Tuesday, August 09, 2005

Military Plans for Assuming Control of U.S.

This possibility I file under the category of "REMOTE," but I thought it was relevant for today. Remember, two months plus the number of days until the 22nd, 2 p.m. Under the Rainbow Bridge. I might be carrying a stick.


[SAM SMITH, UNDERNEWS - As you read this and similar stories, bear in mind that there is no provision in the Constitution for martial law. Further, the Constitution clearly grants to the states those powers not enumerated in it. Therefore, in the event of a large disaster, power would properly - and wisely - devolve to the governors of the 50 states, those best politically and technically qualified to run their jurisdictions during such periods. These, after all, are the officials with the most experience dealing with disasters in their own areas. But every major disaster plan since the 1980s has - like this one - involved some sort of illegal takeover, whether by the military or by an unconstitutionally chosen group of individuals. This story is not about saving America; it is about a military coup.]
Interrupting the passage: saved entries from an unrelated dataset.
lemma loop_problem_mon_rational_image:
  assumes L1: "is_loop_problem S mult X L1"
    and mon: "is_monoid S mult e" and cY: "monoid_choice S mult e Y gY"
  shows "\<exists>\<rho>. rational_transduction (hat X) (hat Y) \<rho> \<and> loop_problem_mon S mult e Y gY = trans_image L1 \<rho>"
proof -
  have gY: "gY ` Y \<subseteq> S" and fin: "finite (hat Y)"
    using cY by (auto simp: monoid_choice_def finite_hat)
  from L1 consider
    (sg) gX where "semigroup_choice S mult X gX" "L1 = loop_problem_sg S mult X gX"
  | (mon) e' gX where "is_monoid S mult e'" "monoid_choice S mult e' X gX" "L1 = loop_problem_mon S mult e' X gX"
    unfolding is_loop_problem_def by blast
  then show ?thesis
  proof cases
    case sg
    then have gX: "gX ` X \<subseteq> S"
      by (simp add: semigroup_choice_def)
    obtain h where h: "\<forall>y\<in>Y. h y \<in> lists X \<and> h y \<noteq> [] \<and> sg_eval mult gX (h y) = gY y"
      using semigroup_choice_spells[OF sg(1) gY] .
    obtain p where p: "p \<in> lists X" "p \<noteq> []" "sg_eval mult gX p = e"
      using sg(1) mon unfolding semigroup_choice_def is_monoid_def by blast
    show ?thesis
      using preimage_rational_image[OF fin conj_subst_lists, of h X p L1] h p(1)
        loop_problem_mon_preimage_sg[OF mon gX gY h p] sg(2) by auto
  next
    case mon': mon
    then have gX: "gX ` X \<subseteq> S" and "e' = e"
      using is_monoid_identity_unique[OF mon] by (auto simp: monoid_choice_def)
    obtain h where h: "\<forall>y\<in>Y. h y \<in> lists X \<and> mon_eval mult e gX (h y) = gY y"
      using monoid_choice_spells[OF mon'(2) gY] \<open>e' = e\<close> by blast
    then show ?thesis
      using preimage_rational_image[OF fin hat_subst_lists, of h X L1]
        loop_problem_mon_preimage[OF mon gX gY h] mon'(3) \<open>e' = e\<close> by auto
  qed
qed

lemma loop_problem_rational_image:
  assumes "is_semigroup S mult" and "is_loop_problem S mult X L1" and "is_loop_problem S mult Y L2"
  shows "\<exists>\<rho>. rational_transduction (hat X) (hat Y) \<rho> \<and> L2 = trans_image L1 \<rho>"
  using assms(3) loop_problem_sg_rational_image[OF assms(1,2)] loop_problem_mon_rational_image[OF assms(2)]
  unfolding is_loop_problem_def by blast
(* Let $G$ be a completable graph and let $A(G)$ and $B(G)$ be $G$-partial positive definite matrices. Then $$\mathfrak{p}^+[A(G)-B(G)]\subset\mathfrak{p}^+[A(G)]-\mathfrak{p}^+[B(G)]:=\{M-N: M\in\mathfrak{p}^+[A(G)],\ N\in\mathfrak{p}^+[B(G)]\}.$$
   Context: A graph $G=(V,E)$ is a finite undirected graph on $V=\{1,\dots,n\}$ containing all loops. A $G$-partial matrix has entries specified exactly for $\{i,j\}\in E$; a completion is an $n\times n$ matrix agreeing with it on $E$. Differences of $G$-partial matrices are taken entrywise on $E$. A $G$-partial matrix $[a_{ij}]_G$ is partial positive definite if $a_{ji}=\overline{a_{ij}}$ on $E$ and every principal submatrix indexed by a clique of $G$ is positive definite. $G$ is completable if every $G$-partial positive semidefinite matrix has a positive semidefinite completion (equivalently $G$ is chordal). $\mathfrak{p}^+[A(G)]$ denotes the set of positive definite completions of $A(G)$. *)

theory Defs
  imports Complex_Main "Jordan_Normal_Form.Matrix"
begin

text \<open>A partial matrix is a function
a :: nat => nat => complex whose entries only matter on E.\<close>

definition graph_on :: "nat \<Rightarrow> (nat \<times> nat) set \<Rightarrow> bool" where
  "graph_on n E \<longleftrightarrow> E \<subseteq> {..<n} \<times> {..<n} \<and> sym E \<and> (\<forall>i<n. (i, i) \<in> E)"

definition clique :: "nat \<Rightarrow> (nat \<times> nat) set \<Rightarrow> nat set \<Rightarrow> bool" where
  "clique n E K \<longleftrightarrow> K \<subseteq> {..<n} \<and> K \<times> K \<subseteq> E"

definition quad_form :: "nat set \<Rightarrow> (nat \<Rightarrow> nat \<Rightarrow> complex) \<Rightarrow> (nat \<Rightarrow> complex) \<Rightarrow> complex" where
  "quad_form K a x = (\<Sum>i\<in>K. \<Sum>j\<in>K. cnj (x i) * a i j * x j)"

definition pd_on :: "nat set \<Rightarrow> (nat \<Rightarrow> nat \<Rightarrow> complex) \<Rightarrow> bool" where
  "pd_on K a \<longleftrightarrow> (\<forall>i\<in>K. \<forall>j\<in>K. a j i = cnj (a i j)) \<and>
     (\<forall>x. (\<exists>i\<in>K. x i \<noteq> 0) \<longrightarrow> 0 < Re (quad_form K a x))"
BRADLEY GRAHAM, WASHINGTON POST - The U.S. military has devised its first-ever war plans for guarding against and responding to terrorist attacks in the United States, envisioning 15 potential crisis scenarios and anticipating several simultaneous strikes around the country, according to officers who drafted the plans....

The war plans represent a historic shift for the Pentagon, which has been reluctant to become involved in domestic operations and is legally constrained from engaging in law enforcement. Indeed, defense officials continue to stress that they intend for the troops to play largely a supporting role in homeland emergencies, bolstering police, firefighters and other civilian response groups.

But the new plans provide for what several senior officers acknowledged is the likelihood that the military will have to take charge in some situations, especially when dealing with mass-casualty attacks that could quickly overwhelm civilian resources...

The Pentagon's new homeland defense strategy, issued in June, emphasized in boldface type that "domestic security is primarily [sic] a civilian law enforcement function." Still, it noted the possibility that ground troops might be sent into action on U.S. soil to counter security threats and deal with major emergencies...

Civil liberties groups have warned that the military's expanded involvement in homeland defense could bump up against the Posse Comitatus Act of 1878, which restricts the use of troops in domestic law enforcement. But Pentagon authorities have told Congress they see no need to change the law.

According to military lawyers here, the dispatch of ground troops would most likely be justified on the basis of the president's authority under Article 2 of the Constitution to serve as commander in chief and protect the nation. The Posse Comitatus Act exempts actions authorized by the Constitution...

One potentially tricky area, the admiral said, involves National Guard officers who are put in command of task forces that include active-duty as well as Guard units -- an approach first used last year at the Group of Eight summit in Georgia. Guard troops, acting under state control, are exempt from Posse Comitatus prohibitions.